Di dalam mobil Erik, Erina berujar, “Saya mau bantu Mas Erik nyari tau kebenaran di balik kematian Bu Indri.”
Erina yakin ia tak akan merasa bersalah dan berhenti kepikiran jika tahu yang sebenarnya terjadi dan membantu Erik menemukan kebenarannya agar Indri mendapat keadilan.
Erik mengangguk sambil melempar senyum.
Tunggu, apa ini? Erik langsung setuju, padahal biasanya jika ada orang lain yang hendak ikut sampur dalam pekerjaannya, ia akan langsung menolak apalagi jika orang itu baru dikenal. Namun, entah mengapa ia percaya para Erina.
Mereka tiba di rumah Erina pada malam hari. Masuk ke kamar masing-masing untuk membersihkan diri, kemudian mereka kembali bertemu untuk makan malam.

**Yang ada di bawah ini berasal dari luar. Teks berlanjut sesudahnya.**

(* Let $\mathfrak{g}=\mathfrak{s}(\mathfrak{g})\oplus\mathfrak{c}(\mathfrak{g})$ be a compact Lie algebra, where $\mathfrak{s}(\mathfrak{g})=[\mathfrak{g},\mathfrak{g}]$ is its semisimple part and $\mathfrak{c}(\mathfrak{g})$ its center, let $\mathfrak{h}$ be a Lie subalgebra of $\mathfrak{g}$ with semisimple part $\mathfrak{s}(\mathfrak{h})=[\mathfrak{h},\mathfrak{h}]$, and let $\phi$ be a finite-dimensional faithful and semisimple complex representation of $\mathfrak{g}$. If $\dim(\mathrm{com}[(\phi\otimes\phi)|_{\mathfrak{h}}])=\dim(\mathrm{com}[\phi\otimes\phi])$, then $\mathfrak{s}(\mathfrak{h})=\mathfrak{s}(\mathfrak{g})$.
   Context: Representations are finite-dimensional complex matrix representations; semisimple means completely reducible. $(\phi\otimes\phi)(g)=\phi(g)\otimes\mathbb 1+\mathbb 1\otimes\phi(g)$. $\mathrm{com}[\psi]$ is the space of complex matrices commuting with all $\psi(g)$; $|_{\mathfrak{h}}$ denotes restriction. *)

theory Defs
  imports "HOL-Analysis.Analysis"
begin

text \<open>Lie algebras are modelled on a whole real vector space type 'g with bracket br.\<close>

definition lie_algebra :: "('g::real_vector \<Rightarrow> 'g \<Rightarrow> 'g) \<Rightarrow> bool" where
  "lie_algebra br \<longleftrightarrow> bilinear br \<and> (\<forall>x. br x x = 0) \<and>
     (\<forall>x y z. br x (br y z) + br y (br z x) + br z (br x y) = 0)"

definition finite_dim_space :: "'g::real_vector itself \<Rightarrow> bool" where
  "finite_dim_space _ \<longleftrightarrow> (\<exists>B::'g set. finite B \<and> span B = UNIV)"

definition compact_lie_algebra :: "('g::real_vector \<Rightarrow> 'g \<Rightarrow> 'g) \<Rightarrow> bool" where
  "compact_lie_algebra br \<longleftrightarrow> lie_algebra br \<and> finite_dim_space TYPE('g) \<and>
     (\<exists>B :: 'g \<Rightarrow> 'g \<Rightarrow> real. bilinear B \<and> (\<forall>x y. B x y = B y x) \<and>
        (\<forall>x. x \<noteq> 0 \<longrightarrow> B x x > 0) \<and>
        (\<forall>x y z. B (br x y) z + B y (br x z) = 0))"

definition lie_subalgebra :: "('g::real_vector \<Rightarrow> 'g \<Rightarrow> 'g) \<Rightarrow> 'g set \<Rightarrow> bool" where
  "lie_subalgebra br H \<longleftrightarrow> subspace H \<and> (\<forall>x\<in>H. \<forall>y\<in>H. br x y \<in> H)"

definition derived :: "('g::real_vector \<Rightarrow> 'g \<Rightarrow> 'g) \<Rightarrow> 'g set \<Rightarrow> 'g set" where
  "derived br H = span {br x y | x y. x \<in> H \<and> y \<in> H}"

definition mat_comm :: "complex^'n^'n \<Rightarrow> complex^'n^'n \<Rightarrow> complex^'n^'n" where
  "mat_comm A B = A ** B - B ** A"

definition lie_rep :: "('g::real_vector \<Rightarrow> 'g \<Rightarrow> 'g) \<Rightarrow> ('g \<Rightarrow> complex^'n^'n) \<Rightarrow> bool" where
  "lie_rep br \<phi> \<longleftrightarrow> linear \<phi> \<and> (\<forall>x y. \<phi> (br x y) = mat_comm (\<phi> x) (\<phi> y))"

definition faithful :: "('g \<Rightarrow> complex^'n^'n) \<Rightarrow> bool" where
  "faithful \<phi> \<longleftrightarrow> inj \<phi>"

definition csubspace :: "(complex^'n) set \<Rightarrow> bool" where
  "csubspace W \<longleftrightarrow> 0 \<in> W \<and> (\<forall>v\<in>W. \<forall>w\<in>W. v + w \<in> W) \<and> (\<forall>c. \<forall>v\<in>W. c *s v \<in> W)"

definition invariant_subspace :: "('g \<Rightarrow> complex^'n^'n) \<Rightarrow> (complex^'n) set \<Rightarrow> bool" where
  "invariant_subspace \<phi> W \<longleftrightarrow> csubspace W \<and> (\<forall>x. \<forall>v\<in>W. \<phi> x *v v \<in> W)"

definition semisimple_rep :: "('g \<Rightarrow> complex^'n^'n) \<Rightarrow> bool" where
  "semisimple_rep \<phi> \<longleftrightarrow> (\<forall>W. invariant_subspace \<phi> W \<longrightarrow>
     (\<exists>U. invariant_subspace \<phi> U \<and> W \<inter> U = {0} \<and> {w + u | w u. w \<in> W \<and> u \<in> U} = UNIV))"

definition kron :: "complex^'n^'n \<Rightarrow> complex^'m^'m \<Rightarrow> complex^('n \<times> 'm)^('n \<times> 'm)" where
  "kron A B = (\<chi> p q. A $ fst p $ fst q * B $ snd p $ snd q)"

definition tensor_rep :: "('g \<Rightarrow> complex^'n^'n) \<Rightarrow> 'g \<Rightarrow> complex^('n \<times> 'n)^('n \<times> 'n)" where
  "tensor_rep \<phi> x = kron (\<phi> x) (mat 1) + kron (mat 1) (\<phi> x)"

definition com :: "('g \<Rightarrow> complex^'k^'k) \<Rightarrow> 'g set \<Rightarrow> (complex^'k^'k) set" where
  "com \<psi> S = {M. \<forall>x\<in>S. M ** \<psi> x = \<psi> x ** M}"

definition cscale :: "complex \<Rightarrow> complex^'k^'k \<Rightarrow> complex^'k^'k" where
  "cscale c M = (\<chi> i j. c * M $ i $ j)"

definition cdim :: "(complex^'k^'k) set \<Rightarrow> nat" where
  "cdim S = vector_space.dim cscale S"

end

theory Submission
  imports Defs
begin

“Tadi Pak Bimo nggak pulang ke rumah sebelah kan?” tunjuk Erik pada rumah yang ditempati mendiang Indri di samping.
“Enggak. Kayaknya tadi nginep di rumah orang tuanya Bu Indri.”
Erina tak habis pikir, Bimo tampak akrab dengan orang tua Indri seolah orang tak bersalah, tingkahnya seperti seorang suami yang amat mencintai istrinya dan merasa kehilangan.
“Kalau gitu entar saya mau masuk ke rumah sebelah,” kata Erik sambil menyuap makanannya.
“Masuk?”
“Menyusup lebih tepatnya,” bisik Erik.
Erina terbelalak mendengarnya. Baru hari kedua di sini sudah akan membuat ulah! Sebenarnya Erik mau apa di sana? Kalau pelakunya Bimo seharusnya Erik mengikuti Bimo atau menyelidiki Bimo dengan serius bukan malah mau menyusup ke rumah orang ‘kan?
Meskipun Erina merasa bahwa Erik membuat ulah, tetapi ia mengikuti pria itu hingga tiba di halaman belakang rumah. Di sana tampak gelap dan sepi. Halaman belakang rumah Erina dan Indri hanya dibatasi satu tembok yang tak terlalu tinggi.
Erik berencana masuk lewat belakang rumah agar tidak ketahuan oleh tetangga yang lain.
“Kamu mau ikut saya?” tanya Erik.
KAMU SEDANG MEMBACA
Me vs Mr. Detective (TAMAT)
Roman d'amour"MALING! ADA MAL--HMMPPP!" "Ssttt! Diam atau saya cium?!" Berawal dari kasus kematian janggal yang menimpa tetangga samping rumah, Erina (23 tahun) terlibat dengan seorang detektif swasta bernama Erik (33 tahun), pria yang aneh dan menyebalkan. Hubu...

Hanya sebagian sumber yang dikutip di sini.